Data records:
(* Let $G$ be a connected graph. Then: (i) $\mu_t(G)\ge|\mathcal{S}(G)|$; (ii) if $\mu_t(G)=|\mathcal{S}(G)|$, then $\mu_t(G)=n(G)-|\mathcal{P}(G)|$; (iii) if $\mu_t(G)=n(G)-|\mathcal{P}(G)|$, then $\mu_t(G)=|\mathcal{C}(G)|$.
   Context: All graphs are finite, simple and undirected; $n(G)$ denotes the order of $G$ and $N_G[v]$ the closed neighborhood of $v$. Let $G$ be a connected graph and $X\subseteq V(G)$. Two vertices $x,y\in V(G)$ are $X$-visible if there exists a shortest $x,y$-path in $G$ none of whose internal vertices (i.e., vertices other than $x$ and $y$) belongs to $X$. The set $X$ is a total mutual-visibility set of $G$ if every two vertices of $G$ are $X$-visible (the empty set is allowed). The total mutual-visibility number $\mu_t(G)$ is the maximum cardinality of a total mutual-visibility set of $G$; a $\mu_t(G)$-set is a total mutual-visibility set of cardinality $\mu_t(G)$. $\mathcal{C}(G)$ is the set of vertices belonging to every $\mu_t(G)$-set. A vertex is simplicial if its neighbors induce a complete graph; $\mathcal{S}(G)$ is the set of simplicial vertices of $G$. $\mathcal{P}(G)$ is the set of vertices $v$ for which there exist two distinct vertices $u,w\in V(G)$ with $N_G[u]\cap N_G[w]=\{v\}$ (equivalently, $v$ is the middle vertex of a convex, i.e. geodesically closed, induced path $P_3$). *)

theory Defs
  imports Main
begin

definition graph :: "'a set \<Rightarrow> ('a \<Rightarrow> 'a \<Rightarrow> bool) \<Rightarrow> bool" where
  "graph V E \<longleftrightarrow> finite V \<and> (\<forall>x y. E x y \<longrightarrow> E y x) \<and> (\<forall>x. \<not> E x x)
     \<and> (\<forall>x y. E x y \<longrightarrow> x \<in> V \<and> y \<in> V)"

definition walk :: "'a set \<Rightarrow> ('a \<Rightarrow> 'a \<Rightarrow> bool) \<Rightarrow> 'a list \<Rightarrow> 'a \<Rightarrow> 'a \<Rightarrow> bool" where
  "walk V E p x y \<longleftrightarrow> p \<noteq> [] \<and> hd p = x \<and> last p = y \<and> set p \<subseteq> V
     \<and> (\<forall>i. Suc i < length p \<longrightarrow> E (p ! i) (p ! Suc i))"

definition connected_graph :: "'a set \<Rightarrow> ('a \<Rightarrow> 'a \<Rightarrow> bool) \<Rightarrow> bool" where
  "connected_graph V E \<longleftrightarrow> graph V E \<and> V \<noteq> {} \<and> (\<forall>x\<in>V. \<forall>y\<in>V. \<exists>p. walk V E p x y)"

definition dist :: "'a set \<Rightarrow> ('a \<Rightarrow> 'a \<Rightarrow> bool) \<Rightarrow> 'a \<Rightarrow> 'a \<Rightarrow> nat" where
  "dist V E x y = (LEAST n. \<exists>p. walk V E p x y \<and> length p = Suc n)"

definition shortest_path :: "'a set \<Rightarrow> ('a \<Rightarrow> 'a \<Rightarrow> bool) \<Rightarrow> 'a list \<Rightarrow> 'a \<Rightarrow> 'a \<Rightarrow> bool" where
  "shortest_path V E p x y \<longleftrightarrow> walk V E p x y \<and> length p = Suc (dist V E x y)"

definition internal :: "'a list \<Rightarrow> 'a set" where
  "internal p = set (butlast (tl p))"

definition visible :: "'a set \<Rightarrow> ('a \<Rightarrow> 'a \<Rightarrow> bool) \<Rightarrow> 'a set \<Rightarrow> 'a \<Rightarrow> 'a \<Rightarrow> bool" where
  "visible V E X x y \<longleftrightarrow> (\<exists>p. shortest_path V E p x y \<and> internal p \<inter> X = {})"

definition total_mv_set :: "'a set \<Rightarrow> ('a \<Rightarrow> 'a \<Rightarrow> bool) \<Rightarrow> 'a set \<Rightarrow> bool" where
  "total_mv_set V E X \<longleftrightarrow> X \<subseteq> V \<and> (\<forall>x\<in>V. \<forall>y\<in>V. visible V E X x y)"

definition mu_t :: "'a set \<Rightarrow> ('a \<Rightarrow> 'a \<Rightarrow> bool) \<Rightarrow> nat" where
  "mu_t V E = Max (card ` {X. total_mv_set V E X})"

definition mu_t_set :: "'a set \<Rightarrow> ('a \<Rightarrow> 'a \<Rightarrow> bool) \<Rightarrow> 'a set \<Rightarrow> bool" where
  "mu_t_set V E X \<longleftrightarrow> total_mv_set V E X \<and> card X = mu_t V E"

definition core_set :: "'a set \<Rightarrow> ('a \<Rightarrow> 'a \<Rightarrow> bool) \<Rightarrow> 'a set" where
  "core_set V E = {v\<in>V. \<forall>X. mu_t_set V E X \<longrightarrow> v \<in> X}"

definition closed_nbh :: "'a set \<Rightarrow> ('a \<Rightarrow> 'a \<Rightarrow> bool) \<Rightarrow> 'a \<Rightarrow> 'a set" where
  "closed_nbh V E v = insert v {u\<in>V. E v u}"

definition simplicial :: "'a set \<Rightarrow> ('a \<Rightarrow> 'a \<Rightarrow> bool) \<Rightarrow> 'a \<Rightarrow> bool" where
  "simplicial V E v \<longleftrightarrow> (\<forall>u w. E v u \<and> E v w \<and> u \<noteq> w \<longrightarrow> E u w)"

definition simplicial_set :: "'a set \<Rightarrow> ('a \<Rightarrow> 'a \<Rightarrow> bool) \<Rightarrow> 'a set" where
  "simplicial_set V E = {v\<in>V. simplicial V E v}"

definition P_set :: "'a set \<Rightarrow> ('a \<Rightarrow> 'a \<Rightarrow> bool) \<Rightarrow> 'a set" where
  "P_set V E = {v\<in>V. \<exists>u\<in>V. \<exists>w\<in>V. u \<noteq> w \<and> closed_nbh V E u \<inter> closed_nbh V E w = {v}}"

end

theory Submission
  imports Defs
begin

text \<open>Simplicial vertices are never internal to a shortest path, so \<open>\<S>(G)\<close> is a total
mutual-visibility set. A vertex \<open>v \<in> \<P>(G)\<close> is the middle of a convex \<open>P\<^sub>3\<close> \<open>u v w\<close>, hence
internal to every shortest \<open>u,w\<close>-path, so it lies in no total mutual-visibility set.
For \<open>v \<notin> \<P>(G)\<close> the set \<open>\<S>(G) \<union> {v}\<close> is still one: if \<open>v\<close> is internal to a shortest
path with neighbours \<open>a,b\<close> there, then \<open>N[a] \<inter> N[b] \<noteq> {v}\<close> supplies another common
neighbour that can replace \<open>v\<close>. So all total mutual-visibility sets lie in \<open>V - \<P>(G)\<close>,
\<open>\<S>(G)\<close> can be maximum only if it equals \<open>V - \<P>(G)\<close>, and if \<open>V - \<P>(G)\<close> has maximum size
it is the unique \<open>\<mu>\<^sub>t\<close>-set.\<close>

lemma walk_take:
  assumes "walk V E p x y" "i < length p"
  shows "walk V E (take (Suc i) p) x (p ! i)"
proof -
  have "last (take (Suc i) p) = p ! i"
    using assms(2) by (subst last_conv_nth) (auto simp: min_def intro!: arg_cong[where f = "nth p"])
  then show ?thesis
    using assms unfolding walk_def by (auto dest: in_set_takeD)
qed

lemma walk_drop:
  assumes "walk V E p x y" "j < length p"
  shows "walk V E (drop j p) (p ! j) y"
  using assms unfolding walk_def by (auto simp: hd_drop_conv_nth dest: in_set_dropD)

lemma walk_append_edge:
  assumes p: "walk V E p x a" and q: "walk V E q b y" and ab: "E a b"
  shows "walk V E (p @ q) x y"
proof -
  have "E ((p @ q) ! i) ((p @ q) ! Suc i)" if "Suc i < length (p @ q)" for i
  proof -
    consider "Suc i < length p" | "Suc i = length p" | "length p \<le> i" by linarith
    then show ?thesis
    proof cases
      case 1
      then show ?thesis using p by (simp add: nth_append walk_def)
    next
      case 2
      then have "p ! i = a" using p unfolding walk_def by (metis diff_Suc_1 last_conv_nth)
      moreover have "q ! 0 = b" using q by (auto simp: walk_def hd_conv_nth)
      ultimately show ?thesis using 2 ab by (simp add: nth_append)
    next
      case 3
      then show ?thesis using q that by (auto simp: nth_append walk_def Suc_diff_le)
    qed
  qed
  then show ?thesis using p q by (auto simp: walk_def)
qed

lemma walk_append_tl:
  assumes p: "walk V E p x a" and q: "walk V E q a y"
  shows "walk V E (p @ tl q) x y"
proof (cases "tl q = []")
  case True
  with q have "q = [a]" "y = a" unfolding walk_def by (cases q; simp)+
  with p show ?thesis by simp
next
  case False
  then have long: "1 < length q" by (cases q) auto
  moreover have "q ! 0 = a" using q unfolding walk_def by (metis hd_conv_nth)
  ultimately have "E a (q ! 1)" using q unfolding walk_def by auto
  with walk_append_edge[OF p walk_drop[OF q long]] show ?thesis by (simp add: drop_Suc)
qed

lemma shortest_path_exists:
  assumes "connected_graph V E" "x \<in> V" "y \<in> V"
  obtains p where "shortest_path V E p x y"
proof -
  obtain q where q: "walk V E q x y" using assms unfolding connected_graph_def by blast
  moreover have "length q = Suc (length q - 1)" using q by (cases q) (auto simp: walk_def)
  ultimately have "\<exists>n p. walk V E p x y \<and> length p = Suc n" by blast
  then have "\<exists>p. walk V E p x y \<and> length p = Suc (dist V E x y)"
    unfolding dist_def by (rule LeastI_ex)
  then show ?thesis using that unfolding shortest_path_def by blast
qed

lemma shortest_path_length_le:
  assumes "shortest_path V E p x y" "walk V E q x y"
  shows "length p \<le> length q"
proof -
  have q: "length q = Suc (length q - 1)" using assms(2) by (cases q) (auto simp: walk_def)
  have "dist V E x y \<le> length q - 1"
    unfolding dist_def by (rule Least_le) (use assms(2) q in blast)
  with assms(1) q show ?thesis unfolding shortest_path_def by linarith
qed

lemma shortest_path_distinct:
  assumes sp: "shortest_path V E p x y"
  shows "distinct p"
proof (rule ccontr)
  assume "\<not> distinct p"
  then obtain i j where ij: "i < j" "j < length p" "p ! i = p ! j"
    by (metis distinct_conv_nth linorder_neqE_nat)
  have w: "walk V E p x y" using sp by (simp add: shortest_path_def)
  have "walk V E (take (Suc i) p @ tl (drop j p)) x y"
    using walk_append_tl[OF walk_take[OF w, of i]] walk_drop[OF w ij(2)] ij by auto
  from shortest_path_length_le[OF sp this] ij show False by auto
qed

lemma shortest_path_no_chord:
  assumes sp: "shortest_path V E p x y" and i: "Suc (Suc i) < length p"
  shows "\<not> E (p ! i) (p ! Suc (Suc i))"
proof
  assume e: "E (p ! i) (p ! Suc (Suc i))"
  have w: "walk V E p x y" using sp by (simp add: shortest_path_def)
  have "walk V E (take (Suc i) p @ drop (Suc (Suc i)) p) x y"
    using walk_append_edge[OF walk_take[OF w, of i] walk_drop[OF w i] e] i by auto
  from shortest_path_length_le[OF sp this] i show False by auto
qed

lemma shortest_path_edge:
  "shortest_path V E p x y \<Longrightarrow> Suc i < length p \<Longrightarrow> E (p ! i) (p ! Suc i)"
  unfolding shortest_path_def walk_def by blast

- Work request
Of the entries above, transcribe exactly those lines that fall between the line containing "simp: walk_def hd_conv_nth)" and the line containing "by (metis hd_conv_nth)", together with those two lines.

- Reply
      moreover have "q ! 0 = b" using q by (auto simp: walk_def hd_conv_nth)
      ultimately show ?thesis using 2 ab by (simp add: nth_append)
    next
      case 3
      then show ?thesis using q that by (auto simp: nth_append walk_def Suc_diff_le)
    qed
  qed
  then show ?thesis using p q by (auto simp: walk_def)
qed

lemma walk_append_tl:
  assumes p: "walk V E p x a" and q: "walk V E q a y"
  shows "walk V E (p @ tl q) x y"
proof (cases "tl q = []")
  case True
  with q have "q = [a]" "y = a" unfolding walk_def by (cases q; simp)+
  with p show ?thesis by simp
next
  case False
  then have long: "1 < length q" by (cases q) auto
  moreover have "q ! 0 = a" using q unfolding walk_def by (metis hd_conv_nth)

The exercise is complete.